EXERCISE OBJECTIVE: Using the data below, count the lines where "real" appears, and answer with the number alone.

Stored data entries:
(* Let $p$ be a stochastic choice function on $X$. The following are equivalent: (i) $p$ is rationalized by an MSC $\langle Q,\nu\rangle$ such that for every $M\in\mathcal N$ the matrix $Q(M)$ is fully comparable and reversible on $M$; (ii) $p$ is positive and satisfies independence of irrelevant alternatives, i.e. $p(i,\{i,j\})\,p(j,M)=p(j,\{i,j\})\,p(i,M)$ for all $M\in\mathcal N$ and $i,j\in M$; (iii) $p$ is rationalized by an MSC $\langle Q,\nu\rangle$ for which there is a function $u:X\to(0,\infty)$ such that for all $M\in\mathcal N$ and distinct $i,j\in M$, $q_{ij}(M)>0$ and $\dfrac{q_{ij}(M)}{q_{ji}(M)}=\dfrac{u(j)}{u(i)}$.
   Context: $X$ is a finite set of alternatives; a menu is a nonempty subset of $X$, and $\mathcal N$ denotes the set of all menus. A stochastic choice function is a map $p:X\times\mathcal N\to[0,1]$ with $\sum_{i\in M}p(i,M)=1$ and $p(i,M)=0$ for $i\notin M$; $p(\cdot,M)$ denotes the row vector $(p(i,M))_{i\in M}$. $p$ is positive if $p(i,M)>0$ for all $M\in\mathcal N$ and $i\in M$. An MSC (Markov stochastic choice model) $\langle Q,\nu\rangle$ consists of, for every menu $M$, a matrix $Q(M)=(q_{ij}(M))_{i,j\in M}$ with nonnegative entries and a probability distribution $\nu_M$ on $M$, such that for all $M\in\mathcal N$ and distinct $i,j\in M$: (A1) $q_{ii}(M)=1-\sum_{k\neq i}q_{ik}(M)>0$; (A2) if $q_{ij}(\{i,j\})=0$ then $q_{ji}(\{i,j\})>0$; (A3) $q_{ij}(\{i,j\})\,q_{ji}(M)=q_{ji}(\{i,j\})\,q_{ij}(M)$. For a right stochastic matrix $Q$ on $M$ and a distribution $\nu$ on $M$ define $\rho(\nu,Q)=\lim_{\alpha\to0^+}\sum_{t\ge0}\alpha(1-\alpha)^t\nu Q^t$ (the limit exists and satisfies $\rho(\nu,Q)(I-Q)=0$). $p$ is rationalized by the MSC $\langle Q,\nu\rangle$ if $p(\cdot,M)=\rho(\nu_M,Q(M))$ for every $M\in\mathcal N$. $Q(M)$ is fully comparable if $q_{ij}(M)>0$ for all distinct $i,j\in M$. $Q(M)$ is reversible on $M$ if, with $\rho=\rho(\nu_M,Q(M))$, $q_{ji}(M)\rho_j=\rho_i\,q_{ij}(M)$ for all $i,j\in M$. *)

theory Defs
  imports "HOL-Analysis.Analysis"
begin

(* The finite set X of alternatives is the universe of a finite type 'a.
   A menu is a nonempty subset of X. *)
definition menu :: "'a::finite set \<Rightarrow> bool" where
  "menu M \<longleftrightarrow> M \<noteq> {}"

definition stoch_choice :: "('a::finite \<Rightarrow> 'a set \<Rightarrow> real) \<Rightarrow> bool" where
  "stoch_choice p \<longleftrightarrow>
     (\<forall>M. menu M \<longrightarrow>
        (\<forall>i. 0 \<le> p i M \<and> p i M \<le> 1) \<and>
        (\<Sum>i\<in>M. p i M) = 1 \<and>
        (\<forall>i. i \<notin> M \<longrightarrow> p i M = 0))"

definition positive_sc :: "('a::finite \<Rightarrow> 'a set \<Rightarrow> real) \<Rightarrow> bool" where
  "positive_sc p \<longleftrightarrow> (\<forall>M. menu M \<longrightarrow> (\<forall>i\<in>M. p i M > 0))"

definition iia :: "('a::finite \<Rightarrow> 'a set \<Rightarrow> real) \<Rightarrow> bool" where
  "iia p \<longleftrightarrow> (\<forall>M. menu M \<longrightarrow> (\<forall>i\<in>M. \<forall>j\<in>M.
      p i {i, j} * p j M = p j {i, j} * p i M))"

ANSWER SECTION: 3